→ **GOAL OF THE EXERCISE**
All the data should be printed again exactly as written.

══════════════════════════════

(* In the setting below, assume $$15.2\sqrt{\frac{\mathbb E\|X-\mu\|^4-(\mathrm{tr}(\Sigma))^2}{(\mathrm{tr}(\Sigma))^2}}\le\Big(\frac12-178\frac{\log(1.4/\delta)}{n}\Big)\sqrt{\frac{n}{\log(1.4/\delta)}}.$$ Let $r_n=11\sqrt2\sqrt{\hat T\log(1.4/\delta)/n}$. Then $$\Pr\big(\mu\in B(\hat\mu,r_n)\big)\ge1-2\delta,$$ where $B(h,r)$ is the closed ball of radius $r$ centered at $h$.
   Context: Let $\mathbb H$ be a separable Hilbert space. Let $X_1,\ldots,X_n\in\mathbb H$ be i.i.d. copies of $X$ with mean $\mu$, covariance operator $\Sigma$, $0<\mathrm{tr}(\Sigma)=\mathbb E\|X-\mu\|^2$, and $\mathbb E\|X-\mu\|^4<\infty$. Let $\alpha_\ast=7/18$ and $p_\ast=0.1$. For $0<p<a<\tfrac12$, $\psi(a;p)=(1-a)\log\frac{1-a}{1-p}+a\log\frac ap$. Given $\delta\in(0,1)$, set $k=\lfloor\log(1/\delta)/\psi(\alpha_\ast;p_\ast)\rfloor+1$, and assume $k\le n/2$. Split $\{1,\ldots,n\}$ into disjoint groups $G_1,\ldots,G_k$ of size $\lfloor n/k\rfloor$. Define: - $\hat\mu_j=\frac1{|G_j|}\sum_{i\in G_j}X_i$; - $\hat\mu$ a geometric median of $\hat\mu_1,\ldots,\hat\mu_k$, i.e. any minimizer over $y\in\mathbb H$ of $\sum_j\|y-\hat\mu_j\|$; - $\hat T_j=\frac1{|G_j|}\sum_{i\in G_j}\|X_i-\hat\mu_j\|^2$; - $\hat T$ any median of the reals $\hat T_1,\ldots,\hat T_k$, i.e. any minimizer over $y\in\mathbb R$ of $\sum_j|y-\hat T_j|$. *)

theory Defs
  imports "HOL-Probability.Probability"
begin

══════════════════════════════

→ **YOUR SOLUTION**
(* In the setting below, assume $$15.2\sqrt{\frac{\mathbb E\|X-\mu\|^4-(\mathrm{tr}(\Sigma))^2}{(\mathrm{tr}(\Sigma))^2}}\le\Big(\frac12-178\frac{\log(1.4/\delta)}{n}\Big)\sqrt{\frac{n}{\log(1.4/\delta)}}.$$ Let $r_n=11\sqrt2\sqrt{\hat T\log(1.4/\delta)/n}$. Then $$\Pr\big(\mu\in B(\hat\mu,r_n)\big)\ge1-2\delta,$$ where $B(h,r)$ is the closed ball of radius $r$ centered at $h$.
   Context: Let $\mathbb H$ be a separable Hilbert space. Let $X_1,\ldots,X_n\in\mathbb H$ be i.i.d. copies of $X$ with mean $\mu$, covariance operator $\Sigma$, $0<\mathrm{tr}(\Sigma)=\mathbb E\|X-\mu\|^2$, and $\mathbb E\|X-\mu\|^4<\infty$. Let $\alpha_\ast=7/18$ and $p_\ast=0.1$. For $0<p<a<\tfrac12$, $\psi(a;p)=(1-a)\log\frac{1-a}{1-p}+a\log\frac ap$. Given $\delta\in(0,1)$, set $k=\lfloor\log(1/\delta)/\psi(\alpha_\ast;p_\ast)\rfloor+1$, and assume $k\le n/2$. Split $\{1,\ldots,n\}$ into disjoint groups $G_1,\ldots,G_k$ of size $\lfloor n/k\rfloor$. Define: - $\hat\mu_j=\frac1{|G_j|}\sum_{i\in G_j}X_i$; - $\hat\mu$ a geometric median of $\hat\mu_1,\ldots,\hat\mu_k$, i.e. any minimizer over $y\in\mathbb H$ of $\sum_j\|y-\hat\mu_j\|$; - $\hat T_j=\frac1{|G_j|}\sum_{i\in G_j}\|X_i-\hat\mu_j\|^2$; - $\hat T$ any median of the reals $\hat T_1,\ldots,\hat T_k$, i.e. any minimizer over $y\in\mathbb R$ of $\sum_j|y-\hat T_j|$. *)

theory Defs
  imports "HOL-Probability.Probability"
begin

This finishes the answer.